Ingénieur de formation, M. Alghabra a fait le saut en politique fédérale en se faisant élire pour la première fois dans la circonscription de Mississauga–Erindale en 2006. Il a été défait aux élections de 2008, de même qu’à celles de 2011, mais a remporté la victoire dans la circonscription de Mississauga-Centre en 2015 et en 2019.

« Contrairement à M. Blanchet, je sais que l’ancien chef du Bloc québécois Gilles Duceppe n’aurait jamais dit une telle chose », a soutenu le nouveau ministre, soulignant que M. Duceppe et les autres leaders de l’époque avaient assisté à une réception organisée par la FAC alors qu’il en était président.

« Je veux vous dire en français que j’aimerais avoir une conversation directe avec M. Blanchet », a encore dit M. Alghabra, qui tente d’apprendre la langue de Molière. « M. Blanchet ne me connaît pas. Il se livre à une campagne de salissage dangereuse », a-t-il ajouté du même souffle.

Né en Arabie saoudite de parents syriens, M. Alghabra est arrivé au Canada à l’âge de 19 ans. Depuis quelques années, des accusations circulent sur le web selon lesquelles M. Alghabra aurait appuyé l’intention du gouvernement de l’Ontario en 2004 qui envisageait d’instaurer des tribunaux islamiques pour trancher les litiges familiaux. Cette idée a finalement été abandonnée par l’Ontario.

Le bureau du ministre affirme que ce sont des accusations sans fondement colportées par Rebel News, site internet proche de l’extrême droite au pays qui est souvent alimenté par les complotistes. « Il n’a jamais été en faveur de la charia ni des tribunaux islamiques », a affirmé Amy Butcher, la directrice des communications du ministre.

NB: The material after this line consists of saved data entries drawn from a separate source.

lemma mem_gap_runs: "sparse m xs \<Longrightarrow> x \<in> set xs \<Longrightarrow> x \<noteq> last xs \<Longrightarrow> x \<in> set (gap_runs m xs)"
proof (induction xs arbitrary: x rule: induct_list012)
  case 1 then show ?case by simp
next
  case (2 x) then show ?case by simp
next
  case (3 u v zs)
  have s: "sparse m (v # zs)" using "3.prems"(1) by simp
  have uv: "u + m < v" using "3.prems"(1) by simp
  show ?case
  proof (cases "x = u")
    case True then show ?thesis using uv by auto
  next
    case False
    then have "x \<in> set (v # zs)" "x \<noteq> last (v # zs)" using "3.prems" by auto
    then show ?thesis using "3.IH"(2)[OF s] by auto
  qed
qed

lemma length_gap_runs: "sparse m xs \<Longrightarrow> xs \<noteq> [] \<Longrightarrow> length (gap_runs m xs) + m * (length xs - 1) = last xs - hd xs"
proof (induction xs rule: induct_list012)
  case 1 then show ?case by simp
next
  case (2 x) then show ?case by simp
next
  case (3 u v zs)
  have s: "sparse m (v # zs)" using "3.prems"(1) by simp
  have uv: "u + m < v" using "3.prems"(1) by simp
  have IH: "length (gap_runs m (v # zs)) + m * length zs = last (v # zs) - v" using "3.IH"(2)[OF s] by simp
  have yl: "v \<le> last (v # zs)" using sparse_le_last[OF s] by simp
  have "length (gap_runs m (u # v # zs)) + m * (length (u # v # zs) - 1) = (v - m - u) + length (gap_runs m (v # zs)) + m * (length zs + 1)"
    by simp
  also have "\<dots> = last (u # v # zs) - u" using IH uv yl by (simp add: algebra_simps)
  finally show ?case by simp
qed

En entrevue, M. Alghabra a dit avoir l’habitude de composer avec des gens qui alimentent « des soupçons et des attaques sans fondement » en raison de son origine, notamment depuis qu’il s’est lancé en politique.

J’invite M. Blanchet ou tout autre député de la Chambre des communes à passer au peigne fin mes discours et mon bilan. […] J’ai toujours travaillé pour régler des dossiers, mais aussi pour bâtir des ponts entre des gens de différentes origines.

Omar Alghabra, ministre fédéral des Transports, en entrevue avec La Presse

Il a notamment souligné son initiative, lancée en 2016, de réunir des députés de confession juive et musulmane à Ottawa pour partager un souper de Noël afin de discuter des valeurs qui les unissent et de rejeter à l’unisson l’intolérance – une rencontre qui a eu lieu cette saison encore, mais par Zoom, en raison de la pandémie.

Blanchet se défend

Dans un courriel envoyé par son bureau à La Presse, le chef du Bloc québécois, Yves-François Blanchet, s’est défendu d’avoir attaqué injustement le nouveau ministre.

« J’ai soulevé des questions légitimes en démocratie quant à des positions passées du nouveau ministre des Transports relativement à l’application de la loi islamique [charia] en matière de droit familial, avec ce que cela implique pour les droits des femmes, ainsi que sur son opposition à l’inscription du Hamas sur la liste des groupes terroristes alors qu’il dirigeait la Fédération canado-arabe », a affirmé M. Blanchet.

« Non seulement le Parti libéral refuse-t-il que le ministre réponde aux questions, mais il tente aussi de censurer le simple fait de les poser. Les libéraux de Justin Trudeau craignent-ils de s’en remettre au jugement des Québécois et des Canadiens ? », a-t-il ajouté.